Since Tapas, Tapex, Omnitab and LLama2 are based on huggingFace, the model_name parameter can be any possible name associate with the model in the hub.

To use ChatGPT_QA or ChatGPT_SP you need to provide the API credentials:

from qatch.models import ChatGPT_QA

model = ChatGPT_QA(model_name="gpt-3.5-turbo-0613",
                   api_key="your_api_key_chatgpt",
                   api_org="your_api_org_chatgpt")

To use LLama2_QA or LLama2_SP you need to specify the HuggingFace token

from qatch.models import LLama2_QA

model = LLama2_QA(model_name="meta-llama/Llama-2-7b-chat-hf",
                  hugging_face_token="your_hugging_face_token")
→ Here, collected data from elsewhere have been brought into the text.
lemma log_part_X_trunc_tendsto:
  assumes "emeasure nuX UNIV \<noteq> 0"
  shows "(\<lambda>n. log_part_X (log_part_Y_trunc (real n)) xh) \<longlonglongrightarrow> log_part_X log_part_Y xh"
proof -
  obtain C where C: "\<forall>T\<ge>0. \<forall>xh x. cond_avg Ph (log_part_Y_trunc T) xh x \<le> C \<and> cond_avg Ph log_part_Y xh x \<le> C"
    using cond_avg_log_part_Y_bounded_above by blast
  have "(\<lambda>n. part_X (log_part_Y_trunc (real n)) xh) \<longlonglongrightarrow> part_X log_part_Y xh"
    unfolding part_X_def
  proof (rule nn_integral_dominated_convergence[where w = "\<lambda>x. ennreal (exp C)"])
    show "AE x in nuX. ennreal (exp (cond_avg Ph (log_part_Y_trunc (real n)) xh x)) \<le> ennreal (exp C)" for n
      using C by (intro AE_I2 ennreal_leI) auto
    show "(\<integral>\<^sup>+ x. ennreal (exp C) \<partial>nuX) < \<infinity>"
      using finite_nuX by (simp add: ennreal_mult_less_top)
    show "AE x in nuX. (\<lambda>n. ennreal (exp (cond_avg Ph (log_part_Y_trunc (real n)) xh x)))
        \<longlonglongrightarrow> ennreal (exp (cond_avg Ph log_part_Y xh x))"
      by (intro AE_I2 tendsto_ennrealI tendsto_exp cond_avg_log_part_Y_trunc_tendsto)
    show "(\<lambda>x. ennreal (exp (cond_avg Ph (log_part_Y_trunc (real n)) xh x))) \<in> borel_measurable nuX" for n
      by (rule borel_measurable_exp_cond_avg[OF borel_measurable_log_part_Y_slice(1)])
    show "(\<lambda>x. ennreal (exp (cond_avg Ph log_part_Y xh x))) \<in> borel_measurable nuX"
      by (rule borel_measurable_exp_cond_avg[OF borel_measurable_log_part_Y_slice(2)])
  qed simp
  then have "(\<lambda>n. enn2real (part_X (log_part_Y_trunc (real n)) xh)) \<longlonglongrightarrow> enn2real (part_X log_part_Y xh)"
    using part_X_log_part_Y_finite by (intro tendsto_enn2real) auto
  moreover have "enn2real (part_X log_part_Y xh) \<noteq> 0"
    using part_X_log_part_Y_finite part_X_pos[where L = log_part_Y, OF borel_measurable_log_part_Y_slice(2) assms]
    by (simp add: enn2real_eq_0_iff top.not_eq_extremum order.strict_iff_not)
  ultimately show ?thesis unfolding log_part_X_def by (rule tendsto_ln)
qed

context
  fixes X :: "'a set" and Y :: "'b set" and \<Psi> :: "'c \<times> 'b \<Rightarrow> ereal" and f :: "'a \<Rightarrow> 'c"
  assumes AE_nuX: "AE x in nuX. x \<in> X" and AE_nuY: "AE y in nuY. y \<in> Y"
    and psi_le_\<Psi>: "\<And>x y. x \<in> X \<Longrightarrow> y \<in> Y \<Longrightarrow> ereal (psi (x, y)) \<le> \<Psi> (f x, y)"
begin

lemma log_part_Y_le_eln:
  assumes "emeasure nuY UNIV \<noteq> 0" and "x \<in> X"
  shows "ereal (log_part_Y z x)
    \<le> eln (\<integral>\<^sup>+ y. eexp ((\<Psi> (f x, y) - ereal (lam * cost_p p z (x, y))) * ereal (1 / (lam * eps))) \<partial>nuY)"
proof -
  have "part_Y z x \<le> (\<integral>\<^sup>+ y. eexp ((\<Psi> (f x, y) - ereal (lam * cost_p p z (x, y))) * ereal (1 / \<tau>)) \<partial>nuY)"
    unfolding part_Y_def
  proof (rule nn_integral_mono_AE, use AE_nuY in eventually_elim)
    fix y assume "y \<in> Y"
    then have "(ereal (psi (x, y)) - ereal (lam * cost_p p z (x, y))) * ereal (1 / \<tau>)
        \<le> (\<Psi> (f x, y) - ereal (lam * cost_p p z (x, y))) * ereal (1 / \<tau>)"
      using psi_le_\<Psi>[OF \<open>x \<in> X\<close>] \<tau>_pos by (intro ereal_mult_right_mono ereal_minus_mono) auto
    moreover have "(ereal (psi (x, y)) - ereal (lam * cost_p p z (x, y))) * ereal (1 / \<tau>)
        = ereal ((psi (x, y) - lam * cost_p p z (x, y)) / \<tau>)" by simp
    ultimately show "ennreal (exp ((psi (x, y) - lam * cost_p p z (x, y)) / \<tau>))
        \<le> eexp ((\<Psi> (f x, y) - ereal (lam * cost_p p z (x, y))) * ereal (1 / \<tau>))"
      by (metis eexp_ereal eexp_mono)
  qed
  then show ?thesis unfolding log_part_Y_def
    using part_Y_finite part_Y_pos[OF assms(1)] by (intro ln_enn2real_le_eln) auto
qed

lemma cond_avg_log_part_Y_le_g_fun:
  assumes "emeasure nuY UNIV \<noteq> 0" and "x \<in> X"
  shows "ereal (cond_avg Ph log_part_Y xh x) \<le> g_fun p eps nuY \<Psi> f Ph xh x lam * ereal (1 / (lam * eps))"
proof -
  have "cond_avg Ph log_part_Y xh x
      = (\<Sum>z\<in>{z\<in>set_pmf Ph. fst z = xh}. pmf Ph z / pmf (map_pmf fst Ph) xh * log_part_Y z x)"
    unfolding cond_avg_def cond_weight_def using finite_support
    by (subst sum.inter_filter) (auto intro!: sum.cong)
  then have "ereal (\<tau> * cond_avg Ph log_part_Y xh x)
      = (\<Sum>z\<in>{z\<in>set_pmf Ph. fst z = xh}.
          ereal (pmf Ph z / pmf (map_pmf fst Ph) xh) * (ereal \<tau> * ereal (log_part_Y z x)))"
    by (simp add: sum_distrib_left algebra_simps)
  also have "\<dots> \<le> g_fun p eps nuY \<Psi> f Ph xh x lam"
    unfolding g_fun_def using \<tau>_pos
    by (intro sum_mono ereal_mult_left_mono log_part_Y_le_eln[OF assms]) auto
  finally have "ereal (\<tau> * cond_avg Ph log_part_Y xh x) * ereal (1 / \<tau>)
      \<le> g_fun p eps nuY \<Psi> f Ph xh x lam * ereal (1 / \<tau>)"
    using \<tau>_pos by (intro ereal_mult_right_mono) auto
  moreover have "ereal (\<tau> * cond_avg Ph log_part_Y xh x) * ereal (1 / \<tau>) = ereal (cond_avg Ph log_part_Y xh x)"
    using lam eps by simp
  ultimately show ?thesis by simp
qed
The tests_df dataframe after the prediction phase contains:

  • db_id: The database name associated with the test.
  • tbl_name: The table name associated with the test.
  • sql_tags: the SQL generator used to create the test.
  • query: The generated query. Used to evaluate the model.
  • question: The generated question associated with the query. Used as input for the model.
  • predictions_: The predicted query/cells based on the task (SP or QA respectively)

Step 3: QATCH evaluate

QATCH MetricEvaluator is composed of 5 metrics (3 intra-tuple and 2 inter-tuple).

from qatch import MetricEvaluator

evaluator = MetricEvaluator(databases=databases)
tests_df = evaluator.evaluate_with_df(tests_df,
                                      prediction_col_name="<prediction_col_name>",
                                      task="QA")

You do not have to specify the "databases" in case the "target" and "predictions" are already executed for QA:

eval_task = MetricEvaluator(databases=None, metrics=['cell_precision', 'cell_recall'])

test = {"sql_tags": "SELECT",
        "prediction": [["wales", "scotland"], ["england"]],
        "target": [["scotland", "wales"], ["england"]]}

df = pd.DataFrame(test)
prediction_col_name = "prediction"
target_col_name = "target"

result = eval_task.evaluate_with_df(df, prediction_col_name, 'QA', target_col_name)
print(result)
# {'cell_precision_prediction': 1.0, 'cell_recall_prediction': 1.0}

Attention

For SP, if you have both the target and the predictions already executed, you have to specify the task as 'QA'

This because when using task 'SP' there are automatic controls on the query syntactic which are not available if they have already been executed.

The final dataframe contains:

  • db_id: The database name associated with the test.
  • tbl_name: The table name associated with the test.
  • sql_tags: the SQL generator associated with the test.
  • query: The generated query from step 1.
  • question: The generated question from step 1. Used as input for the model.
  • predictions_: The predicted query/cells from step 2.
  • 5 metrics: The metrics used to evaluate the models.